Mombo – The Fourth Generation has begun!
A new year, a new beginning: introducing the fourth Mombo Camp.
Over the past months, we’ve described the wonders of our Place of Plenty, from its prolific fauna and flora to some of the “legends” that have touched our hearts over the years. We’ve explained how we’re building our new camp and how much care we are taking in keeping it the unashamedly (but appropriate and sustainable) luxurious camp that we have always known and loved.
Today, we look back at the generations of Mombo.
Back in 1984, Mombo was part of a concession that was designated as a hunting area, and a hunting camp – of simple reed and canvas structures – was built. After photographic tourism began to take off, the concessionaires turned Mombo into a photographic safari camp. In 1990, we were offered Mombo, and upon checking out the area, found that the game was skittish, but the sightings were unusual – a sign of things to come.

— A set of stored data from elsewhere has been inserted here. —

lemma sh_sat_base_rule:
  assumes "r \<in> set (rules S P)" and "is_base r" and "sh_sat I nil PS s h r"
  shows "h = hemp \<and> fst s \<alpha>1 = fst s \<beta>1 \<and> snd s \<alpha>2 = snd s \<beta>2"
proof -
  obtain pu where base: "filter is_base (rules S P) = [SH [] [] pu [] []]"
    and pu: "set pu = {LEq (LV \<alpha>1) (LV \<beta>1), DEq \<alpha>2 \<beta>2}"
    using syn unfolding syn_compositional_def lparams_P dparams_P list.inject
    by (elim exE conjE) (hypsubst, blast)
  have "r \<in> set (filter is_base (rules S P))"
    using assms(1,2) by simp
  then have "r = SH [] [] pu [] []"
    using base by simp
  with assms(3) obtain s' where "\<forall>x. fst s' x = fst s x" "\<forall>y. snd s' y = snd s y"
    "\<forall>p \<in> set pu. pure_sat I nil s' p" "h = hemp"
    unfolding sh_sat_SH_iff by auto
  then show ?thesis
    using pu by auto
qed

lemma inductive_ruleE:
  assumes "r \<in> set (rules S P)" and "\<not> is_base r"
  obtains zl zd pu pt pr1 pr2 \<gamma>1 \<gamma>2
  where "r = SH zl zd pu pt (pr1 @ PAtom P (\<gamma>1 # \<beta>1 # \<xi>l) (\<gamma>2 # \<beta>2 # \<xi>d) # pr2)"
    and "\<gamma>1 \<noteq> \<beta>1" and "\<gamma>2 \<noteq> \<beta>2"
    and "set zl \<inter> set (lparams S P) = {}" and "set zd \<inter> set (dparams S P) = {}"
    and "\<beta>1 \<notin> (\<Union>p \<in> set pu. lvars_pure p) \<union> (\<Union>a \<in> set pt. lvars_pto a) \<union>
                 (\<Union>a \<in> set (pr1 @ pr2). lvars_patom a)"
    and "\<beta>2 \<notin> (\<Union>p \<in> set pu. dvars_pure p) \<union> (\<Union>a \<in> set pt. dvars_pto a) \<union>
                 (\<Union>a \<in> set (pr1 @ pr2). dvars_patom a)"
proof -
  obtain zl zd pu pt pr \<Sigma>2 \<gamma>1 \<gamma>2 where r: "r = SH zl zd pu pt pr"
    and pr: "mset pr = mset (PAtom P (\<gamma>1 # \<beta>1 # \<xi>l) (\<gamma>2 # \<beta>2 # \<xi>d) # \<Sigma>2)"
    and \<gamma>: "\<gamma>1 \<noteq> \<beta>1" "\<gamma>2 \<noteq> \<beta>2"
    and \<beta>1: "\<beta>1 \<notin> (\<Union>p \<in> set pu. lvars_pure p) \<union> (\<Union>a \<in> set pt. lvars_pto a) \<union> (\<Union>a \<in> set \<Sigma>2. lvars_patom a)"
    and \<beta>2: "\<beta>2 \<notin> (\<Union>p \<in> set pu. dvars_pure p) \<union> (\<Union>a \<in> set pt. dvars_pto a) \<union> (\<Union>a \<in> set \<Sigma>2. dvars_patom a)"
    using syn assms unfolding syn_compositional_def lparams_P dparams_P list.inject
    by (elim exE conjE) (hypsubst, drule (1) bspec, drule (1) mp, elim exE conjE, rule that, assumption+)
  obtain pr1 pr2 where pr_split: "pr = pr1 @ PAtom P (\<gamma>1 # \<beta>1 # \<xi>l) (\<gamma>2 # \<beta>2 # \<xi>d) # pr2"
    using pr by (metis list.set_intros(1) set_mset_mset split_list)
  have "mset (pr1 @ pr2) = mset \<Sigma>2"
    using pr unfolding pr_split by simp
  then have \<Sigma>2: "set (pr1 @ pr2) = set \<Sigma>2"
    by (metis set_mset_mset)
  have "wf_rule S Ps P r"
    using wf P_in assms(1) unfolding wf_sys_def by blast
  then have "set zl \<inter> set (lparams S P) = {}" "set zd \<inter> set (dparams S P) = {}"
    unfolding r by simp_all
  from that[OF r[unfolded pr_split] \<gamma> this] show ?thesis
    using \<beta>1 \<beta>2 unfolding \<Sigma>2 by blast
qed

lemma inductive_rule_composable:
  assumes rule: "r \<in> set (rules S P)" "\<not> is_base r"
    and stack: "map (fst s) (lparams S P) = a # b # xs" "map (snd s) (dparams S P) = c # d # ys"
    and body: "sh_sat I nil (\<lambda>Q ls ds h. (Q, ls, ds, h) \<in> pred_sem I nil S \<and>
                                         (Q = P \<longrightarrow> composable I nil S P ls ds h)) s h1 r"
    and disj: "hdisj h1 h2" and seg2: "(P, b # e # xs, d # f # ys, h2) \<in> pred_sem I nil S"
  shows "(P, a # e # xs, c # f # ys, hunion h1 h2) \<in> pred_sem I nil S"
proof -
  obtain zl zd pu pt pr1 pr2 \<gamma>1 \<gamma>2
    where r: "r = SH zl zd pu pt (pr1 @ PAtom P (\<gamma>1 # \<beta>1 # \<xi>l) (\<gamma>2 # \<beta>2 # \<xi>d) # pr2)"
    and \<gamma>: "\<gamma>1 \<noteq> \<beta>1" "\<gamma>2 \<noteq> \<beta>2"
    and zl: "set zl \<inter> set (lparams S P) = {}" and zd: "set zd \<inter> set (dparams S P) = {}"
    and fresh: "\<beta>1 \<notin> (\<Union>p \<in> set pu. lvars_pure p) \<union> (\<Union>a \<in> set pt. lvars_pto a) \<union>
                       (\<Union>a \<in> set (pr1 @ pr2). lvars_patom a)"
      "\<beta>2 \<notin> (\<Union>p \<in> set pu. dvars_pure p) \<union> (\<Union>a \<in> set pt. dvars_pto a) \<union>
                       (\<Union>a \<in> set (pr1 @ pr2). dvars_patom a)"
    using inductive_ruleE[OF rule] .
  have distinct: "\<alpha>1 \<noteq> \<beta>1" "\<beta>1 \<notin> set \<xi>l" "\<alpha>2 \<noteq> \<beta>2" "\<beta>2 \<notin> set \<xi>d"
    using distinct_params lparams_P dparams_P by auto
  have sat: "sh_sat I nil (\<lambda>Q ls ds h. (Q, ls, ds, h) \<in> pred_sem I nil S)
          (stack_upd s \<beta>1 e \<beta>2 f) (hunion h1 h2) r"
    unfolding r
  proof (rule sh_sat_rebind_hole[OF body[unfolded r] _ _ fresh _ disj])
    show "\<beta>1 \<notin> set zl" "\<beta>2 \<notin> set zd"
      using zl zd lparams_P dparams_P by auto
  next
    fix s' h0
    assume "\<forall>z. z \<notin> set zl \<longrightarrow> fst s' z = fst s z" "\<forall>z. z \<notin> set zd \<longrightarrow> snd s' z = snd s z"
    then have "map (fst s') (lparams S P) = map (fst s) (lparams S P)"
      "map (snd s') (dparams S P) = map (snd s) (dparams S P)"
      using zl zd by (intro map_cong; blast)+
    then have "map (fst s') (lparams S P) = a # b # xs" "map (snd s') (dparams S P) = c # d # ys"
      using stack by simp_all
    then have params: "fst s' \<beta>1 = b" "map (fst s') \<xi>l = xs" "snd s' \<beta>2 = d" "map (snd s') \<xi>d = ys"
      using lparams_P dparams_P by auto
    assume "atom_sat (\<lambda>Q ls ds h. (Q, ls, ds, h) \<in> pred_sem I nil S \<and> (Q = P \<longrightarrow> composable I nil S P ls ds h))
              s' (PAtom P (\<gamma>1 # \<beta>1 # \<xi>l) (\<gamma>2 # \<beta>2 # \<xi>d)) h0" and "hdisj h0 h2"
    then have "(P, fst s' \<gamma>1 # e # xs, snd s' \<gamma>2 # f # ys, hunion h0 h2) \<in> pred_sem I nil S"
      using seg2 params unfolding composable_def by (simp del: split_paired_All)
    then show "atom_sat (\<lambda>Q ls ds h. (Q, ls, ds, h) \<in> pred_sem I nil S) (stack_upd s' \<beta>1 e \<beta>2 f)
              (PAtom P (\<gamma>1 # \<beta>1 # \<xi>l) (\<gamma>2 # \<beta>2 # \<xi>d)) (hunion h0 h2)"
      using \<gamma> distinct params by (simp add: stack_upd_def)
  qed simp
  have params: "map (fst (stack_upd s \<beta>1 e \<beta>2 f)) (lparams S P) = a # e # xs"
    "map (snd (stack_upd s \<beta>1 e \<beta>2 f)) (dparams S P) = c # f # ys"
    using stack distinct lparams_P dparams_P by (auto simp: stack_upd_def)
  show ?thesis
    using pred_semI[OF rule(1) params sat] .
qed
(* Let $J\ge p\ge 1$ be integers, let $\sigma_\varepsilon^2>0$, let $\mathbf{\Sigma}_\gamma$ be a nonnegative definite symmetric $J\times J$ matrix, let $I>0$, and let $\mathbf{A}_{\bm\beta}$ be a real $J\times p$ matrix (the Jacobian of the mean response at a fixed nominal parameter $\bm\beta$). For an approximate design $\xi=(I_1,\dots,I_J)$ (real $I_j\ge 0$ with $\sum_j I_j=I$) put $\mathbf{M}_0(\xi)=\mathrm{diag}(I_1,\dots,I_J)$, $\mathbf{M}_0(\xi)^{1/2}=\mathrm{diag}(\sqrt{I_1},\dots,\sqrt{I_J})$ and $$\mathbf{M}_{\bm\beta}(\xi)=\mathbf{A}_{\bm\beta}^{\mathrm T}\mathbf{M}_0(\xi)^{1/2}\big(\sigma_\varepsilon^2\mathbf{I}_J+\mathbf{M}_0(\xi)^{1/2}\mathbf{\Sigma}_\gamma\mathbf{M}_0(\xi)^{1/2}\big)^{-1}\mathbf{M}_0(\xi)^{1/2}\mathbf{A}_{\bm\beta}.$$ Let $\xi^*=(I_1^*,\dots,I_J^* )$ be a design under which $\bm\beta$ is estimable. For a design $\xi$ under which $\bm\beta$ is estimable, let $\psi_j(\xi)$ denote the $j$th diagonal entry of the $J\times J$ matrix $$\big(\sigma_\varepsilon^2\mathbf{I}_J+\mathbf{\Sigma}_\gamma\mathbf{M}_0(\xi)\big)^{-1}\mathbf{A}_{\bm\beta}\,\mathbf{M}_{\bm\beta}(\xi)^{-1}\mathbf{A}_{\bm\beta}^{\mathrm T}\big(\sigma_\varepsilon^2\mathbf{I}_J+\mathbf{M}_0(\xi)\mathbf{\Sigma}_\gamma\big)^{-1}.$$ Then $\xi^*$ is locally $D$-optimal if and only if $$\psi_j(\xi^* )\le \frac{1}{I}\sum_{\ell=1}^J I_\ell^*\,\psi_\ell(\xi^* )\quad\text{for all } j=1,\dots,J.$$ Moreover, for the optimal design $\xi^*$, equality holds in this inequality for every $j$ with $I_j^*>0$.
   Context: Setting: $N$ subjects are tested at $J$ fixed time points $t_j=j-1$; the mean response at time $t_j$ is $\mu_j(\bm\beta)$ with parameter $\bm\beta\in\mathbb{R}^p$, and $\mathbf{A}_{\bm\beta}=(\partial\mu_j(\bm\beta)/\partial\beta_k)_{j,k}$ is its $J\times p$ Jacobian; random subject effects at the $J$ time points have covariance $\mathbf{\Sigma}_\gamma$ and measurement errors have variance $\sigma_\varepsilon^2$. A design $\xi=(I_1,\dots,I_J)$ specifies how many items $I_j$ are administered at time $t_j$, with total $I$; for approximate designs the $I_j$ are nonnegative reals. $\mathbf{M}_{\bm\beta}(\xi)$ above is the standardized (per subject) Fisher information. The parameter $\bm\beta$ is estimable under $\xi$ if $\mathbf{A}_{\bm\beta}$ has full column rank $p$ and its columns lie in the column space of $\mathbf{M}_0(\xi)$. A design $\xi^*$ is locally $D$-optimal (at the given $\bm\beta$) if $\log\det\mathbf{M}_{\bm\beta}(\xi^* )\ge\log\det\mathbf{M}_{\bm\beta}(\xi)$ for all approximate designs $\xi$ with total $I$ under which $\bm\beta$ is estimable. *)

theory Defs
  imports "HOL-Analysis.Analysis"
begin
lemma cup_span_sum3I:
  assumes "\<exists>C\<in>S. m1 \<in> C" "\<exists>C\<in>S. m2 \<in> C" "\<exists>C\<in>S. m3 \<in> C"
    and "closed_form hom d l h1" "closed_form hom d l h2" "closed_form hom d l h3"
  shows "hclass hom d (k + l) (mul m1 h1 + mul m2 h2 + mul m3 h3) \<in> cup_span hom mul d k l S"
proof -
  define m where "m = (!) [m1, m2, m3]"
  define h where "h = (!) [h1, h2, h3]"
  have "\<forall>j<3. (\<exists>C\<in>S. m j \<in> C) \<and> closed_form hom d l (h j)"
    using assms by (auto simp: m_def h_def less_Suc_eq numeral_3_eq_3)
  moreover have "(\<Sum>j<3. mul (m j) (h j)) = mul m1 h1 + mul m2 h2 + mul m3 h3"
    by (simp add: m_def h_def numeral_3_eq_3 algebra_simps)
  ultimately show ?thesis
    unfolding cup_span_def mem_Collect_eq by (metis (no_types, lifting))
qed

definition gmassey_form :: "'a \<Rightarrow> 'a \<Rightarrow> 'a \<Rightarrow> 'a \<Rightarrow> 'a \<Rightarrow> 'a \<Rightarrow> 'a" where
  "gmassey_form b1 b2 b3 x1 x2 x3 = mul (mul x1 x2) b3 + mul (mul x2 x3) b1 + mul (mul x3 x1) b2"

lemma gmassey_form_rotate: "gmassey_form b1 b2 b3 x1 x2 x3 = gmassey_form b2 b3 b1 x2 x3 x1"
  unfolding gmassey_form_def by (simp add: algebra_simps)
lemma as_step_norm_bound:
  fixes A :: "real^'n^'m"
  assumes rank: "rank A = CARD('m)"
  obtains M where "M > 0"
    "\<And>\<alpha> x. 0 \<le> \<alpha> \<Longrightarrow> \<forall>i. 0 < x$i \<Longrightarrow> \<exists>i. 0 < (diagv x *v slack A c x)$i \<Longrightarrow>
       norm (as_step A c \<alpha> x) \<le> M * (c \<bullet> as_step A c \<alpha> x)"
proof -
  obtain M where M: "M > 0"
    "\<And>p u. \<forall>i. 0 < p$i \<Longrightarrow> rescaled_reduced_cost A c p u \<Longrightarrow> norm u \<le> M * (c \<bullet> u)"
    using rescaled_reduced_cost_norm_bound[of A c] by blast
  have "norm (as_step A c \<alpha> x) \<le> M * (c \<bullet> as_step A c \<alpha> x)"
    if "0 \<le> \<alpha>" "\<forall>i. 0 < x$i" "\<exists>i. 0 < (diagv x *v slack A c x)$i" for \<alpha> x
  proof -
    let ?u = "(diagv x ** diagv x) *v slack A c x"
    define r where "r = \<alpha> / gam (diagv x *v slack A c x)"
    have r: "0 \<le> r"
      unfolding r_def using that(1) gam_pos[OF that(3)] by simp
    have "\<forall>i. 0 < (\<chi> i. 1 / (x$i)\<^sup>2) $ i" using that(2) by simp (metis less_irrefl)
    hence u: "norm ?u \<le> M * (c \<bullet> ?u)"
      using M(2) rescaled_reduced_cost_slack[OF rank that(2)] by blast
    have "norm (as_step A c \<alpha> x) = r * norm ?u"
      by (simp add: as_step_def r_def[symmetric] abs_of_nonneg[OF r])
    also have "\<dots> \<le> r * (M * (c \<bullet> ?u))"
      using u r by (rule mult_left_mono)
    also have "\<dots> = M * (c \<bullet> as_step A c \<alpha> x)"
      by (simp add: as_step_def r_def[symmetric])
    finally show ?thesis .
  qed
  thus ?thesis using that M(1) by blast
qed

lemma momentum_descent_step_bound:
  fixes X d :: "nat \<Rightarrow> 'a::real_inner"
  assumes first: "X 1 = X 0 - d 0"
    and step: "\<And>k. \<exists>t\<ge>0. X (Suc (Suc k)) = X (Suc k) - d (Suc k) + t *\<^sub>R (X (Suc k) - X k)"
    and d: "\<And>k. norm (d k) \<le> M * (c \<bullet> d k)"
  shows "norm (X (Suc k) - X k) \<le> M * (c \<bullet> X k - c \<bullet> X (Suc k))"
proof (induction k)
  case 0
  then show ?case using first d[of 0] by (simp add: inner_diff_right)
next
  case (Suc k)
  obtain t where t: "t \<ge> 0"
    and eq: "X (Suc (Suc k)) - X (Suc k) = t *\<^sub>R (X (Suc k) - X k) - d (Suc k)"
    using step[of k] by (auto simp: algebra_simps)
  have "norm (X (Suc (Suc k)) - X (Suc k)) \<le> t * norm (X (Suc k) - X k) + norm (d (Suc k))"
    unfolding eq using t norm_triangle_ineq4[of "t *\<^sub>R (X (Suc k) - X k)" "d (Suc k)"] by simp
  also have "\<dots> \<le> t * (M * (c \<bullet> X k - c \<bullet> X (Suc k))) + M * (c \<bullet> d (Suc k))"
    using Suc d[of "Suc k"] t by (intro add_mono mult_left_mono) auto
  also have "\<dots> = M * (c \<bullet> X (Suc k) - c \<bullet> X (Suc (Suc k)))"
  proof -
    have "c \<bullet> d (Suc k) = t * (c \<bullet> X (Suc k) - c \<bullet> X k) - (c \<bullet> X (Suc (Suc k)) - c \<bullet> X (Suc k))"
      using arg_cong[OF eq, of "inner c"] by (simp add: inner_diff_right)
    thus ?thesis by (simp only:) (simp add: algebra_simps)
  qed
  finally show ?case .
qed
definition Delta_mat :: "nat \<Rightarrow> (nat \<Rightarrow> real) \<Rightarrow> real mat \<Rightarrow> real mat" where
  "Delta_mat K ppi nu = mat (dim_col nu) (dim_col nu)
     (\<lambda>(i,j). \<Sum>l<K. ppi l * nu $$ (l,i) * nu $$ (l,j))"

definition Sigma_mat :: "real mat \<Rightarrow> (nat \<Rightarrow> real) \<Rightarrow> nat \<Rightarrow> nat \<Rightarrow> real mat \<Rightarrow> nat \<Rightarrow> real mat" where
  "Sigma_mat B ppi dp dm nu k =
     (let K = dim_row B; Di = minv (Delta_mat K ppi nu);
          M = mat (dim_col nu) (dim_col nu)
                (\<lambda>(i,j). \<Sum>l<K. ppi l * B $$ (k,l) * (1 - B $$ (k,l)) * nu $$ (l,i) * nu $$ (l,j))
      in Ipm dp dm * Di * M * Di * Ipm dp dm)"

definition C_kl :: "real mat \<Rightarrow> (nat \<Rightarrow> real) \<Rightarrow> nat \<Rightarrow> nat \<Rightarrow> real mat \<Rightarrow> nat \<Rightarrow> nat \<Rightarrow> real" where
  "C_kl B ppi dp dm nu k l =
     (SUP t\<in>{0<..<1::real}.
        (let x = row nu k - row nu l;
             St = t \<cdot>\<^sub>m Sigma_mat B ppi dp dm nu k + (1 - t) \<cdot>\<^sub>m Sigma_mat B ppi dp dm nu l
         in t * (1 - t) * (x \<bullet> (minv St *\<^sub>v x))))"

definition rho_emb :: "real mat \<Rightarrow> (nat \<Rightarrow> real) \<Rightarrow> nat \<Rightarrow> nat \<Rightarrow> real mat \<Rightarrow> real" where
  "rho_emb B ppi dp dm nu =
     Min {C_kl B ppi dp dm nu k l | k l. k < dim_row B \<and> l < dim_row B \<and> k \<noteq> l}"

text \<open>Chernoff information rho_B, computed from a (chosen) decomposition B = U S U^T.\<close>
definition chernoff_rho :: "real mat \<Rightarrow> (nat \<Rightarrow> real) \<Rightarrow> real" where
  "chernoff_rho B ppi =
     (case (SOME x. case x of (dp, dm, U, S) \<Rightarrow> spec_decomp B dp dm U S) of
        (dp, dm, U, S) \<Rightarrow> rho_emb B ppi dp dm (nu_mat U S))"
lemma pair_integral_diff:
  assumes "continuous_on UNIV F" and "continuous_on UNIV G"
  shows "pair_integral (\<lambda>z. F z - G z) = pair_integral F - pair_integral G"
  using Bochner_Integration.integral_diff[OF integrable_pair_integrand[OF assms(1)]
      integrable_pair_integrand[OF assms(2)]]
  by (simp add: pair_integral_def split_beta split_beta' left_diff_distrib)

lemma pair_mean_add: "pair_mean (\<lambda>z. F z + G z) n = pair_mean F n + pair_mean G n"
  unfolding pair_mean_def by (simp add: sum.distrib split_beta add_divide_distrib)

lemma pair_mean_diff: "pair_mean (\<lambda>z. F z - G z) n = pair_mean F n - pair_mean G n"
  unfolding pair_mean_def by (simp add: sum_subtractf split_beta diff_divide_distrib)

lemma pair_mean_abs_le:
  assumes "e \<ge> 0" and "\<And>x y. x \<in> {0..1} \<Longrightarrow> y \<in> {0..1} \<Longrightarrow> \<bar>G (x, y)\<bar> \<le> e"
  shows "\<bar>pair_mean G n\<bar> \<le> e"
proof (cases "n = 0")
  case True
  then show ?thesis using assms by (simp add: pair_mean_def)
next
  case False
  have "\<bar>\<Sum>(i, j)\<in>blockA n \<times> blockA n. G (c i, c j)\<bar> \<le> (\<Sum>(i, j)\<in>blockA n \<times> blockA n. e)"
    by (rule order_trans[OF sum_abs sum_mono]) (use assms(2) c_in_unit in auto)
  also have "\<dots> = e * real n ^ 2"
    by (simp add: blockA_def power2_eq_square card_cartesian_product)
  finally show ?thesis
    using False by (simp add: pair_mean_def divide_le_eq)
qed

lemma tendsto_pair_mean_tensor:
  assumes u: "continuous_on UNIV u" and v: "continuous_on UNIV v"
  shows "(\<lambda>n. pair_mean (\<lambda>z. u (fst z) * v (snd z)) n)
    \<longlonglongrightarrow> pair_integral (\<lambda>z. u (fst z) * v (snd z))"
proof -
  have integral_eq: "pair_integral (\<lambda>z. u (fst z) * v (snd z))
      = (\<integral>x. u x * \<Phi> x \<partial>lborel) * (\<integral>y. v y * \<Phi> y \<partial>lborel)"
    using lborel_pair.integral_tensor[OF integrable_mult_\<Phi>[OF u] integrable_mult_\<Phi>[OF v]]
    by (simp add: pair_integral_def split_beta mult_ac)
  have mean_eq: "pair_mean (\<lambda>z. u (fst z) * v (snd z)) n
      = ((\<Sum>k\<in>blockA n. u (c k)) / real n) * ((\<Sum>k\<in>blockA n. v (c k)) / real n)" for n
    by (simp add: pair_mean_def sum_product sum.cartesian_product power2_eq_square)
  show ?thesis
    unfolding integral_eq mean_eq by (intro tendsto_mult equidistributed u v)
qed

lemma tendsto_pair_mean_tensor_sums:
  "F \<in> tensor_sums \<Longrightarrow> (\<lambda>n. pair_mean F n) \<longlonglongrightarrow> pair_integral F"
proof (induction rule: tensor_sums.induct)
  case (tensor u v)
  then show ?case by (rule tendsto_pair_mean_tensor)
next
  case (add F G)
  then show ?case
    by (simp add: pair_mean_add pair_integral_add tensor_sums_continuous tendsto_add)
qed

text \<open>By Stone--Weierstrass it suffices to consider sums of products \<open>u x * v y\<close>, for which
  the pair mean is the product of two one-dimensional means.\<close>
theorem tendsto_pair_mean:
  assumes G: "continuous_on UNIV G"
  shows "(\<lambda>n. pair_mean G n) \<longlonglongrightarrow> pair_integral G"
proof (rule tendstoI)
  fix e :: real
  assume "e > 0"
  define P where "P = (\<integral>x. \<Phi> x \<partial>lborel)\<^sup>2"
  define d where "d = e / (3 + P)"
  have "P \<ge> 0" by (simp add: P_def)
  then have "d > 0"
    using \<open>e > 0\<close> by (simp add: d_def)
  have "d + d + d * P \<le> d * (3 + P)"
    using \<open>d > 0\<close> by (simp add: algebra_simps)
  also have "\<dots> = e"
    using \<open>P \<ge> 0\<close> by (simp add: d_def)
  finally have d_le: "d + d + d * P \<le> e" .
  obtain F where F: "F \<in> tensor_sums" and close: "\<forall>z\<in>{0..1} \<times> {0..1}. \<bar>G z - F z\<bar> < d"
    using tensor_sums_dense[OF compact_Times[OF compact_Icc compact_Icc]
        continuous_on_subset[OF G subset_UNIV] \<open>d > 0\<close>] by blast
  have F_cont: "continuous_on UNIV F"
    using F by (rule tensor_sums_continuous)
  have bound: "\<bar>G (x, y) - F (x, y)\<bar> \<le> d" if "x \<in> {0..1}" "y \<in> {0..1}" for x y
    using close that by (auto intro: less_imp_le)
  have integral_close: "\<bar>pair_integral G - pair_integral F\<bar> \<le> d * P"
    using pair_integral_abs_le[of "\<lambda>z. G z - F z", OF _ _ bound] \<open>d > 0\<close> G F_cont
    by (simp add: pair_integral_diff continuous_on_diff P_def)
  have mean_close: "\<bar>pair_mean G n - pair_mean F n\<bar> \<le> d" for n
    using pair_mean_abs_le[of d "\<lambda>z. G z - F z" n, OF _ bound] \<open>d > 0\<close> by (simp add: pair_mean_diff)
  have "\<forall>\<^sub>F n in sequentially. dist (pair_mean F n) (pair_integral F) < d"
    using tendsto_pair_mean_tensor_sums[OF F] \<open>d > 0\<close> by (rule tendstoD)
  then show "\<forall>\<^sub>F n in sequentially. dist (pair_mean G n) (pair_integral G) < e"
  proof eventually_elim
    case (elim n)
    then show ?case
      using mean_close[of n] integral_close d_le by (simp add: dist_real_def abs_le_iff abs_less_iff)
  qed
qed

When Wilderness took over management in 1991, the first thing we did was upgrade the camp. While a few steps up from the original, it was a “true bush experience,” where a hippo enjoyed the swimming pool, and the two elderly Land Rovers used for game drives were likely to break down on a regular basis!
With the wildlife becoming more relaxed and sightings both in variety and numbers increasing exponentially, the ancient name in the baYei proverb – “a Place of Plenty” – could re-emerge. Mombo had come to life.
In 1999, Wilderness was awarded the tender for the lease of the Mombo Concession, and motivated for permission to relocate the camp to a site that was accessible year round. Once received, work began on a new luxury camp, comprising Mombo and Little Mombo, on a beautiful expansive floodplain that more often than not was dotted with wildlife. It opened in June 2000.
People said such luxury didn’t belong here. It would ruin the ‘soul’ of the Okavango, it was “over the top.” But instead, Mombo changed the perception of what luxury tourism was, and how conservation could – and should – be achieved using ecotourism. It was at the same time and in the same spirit that the company approached the Botswana government with a radical idea: to release rhino back into the wilds of the Okavango at Mombo. And so it was that rhino and Mombo became synonymous.
We have taken the lessons we’ve learnt over the years of building camps with as light a footprint as possible in wild remote places and applied it, with love, to our Place of Plenty.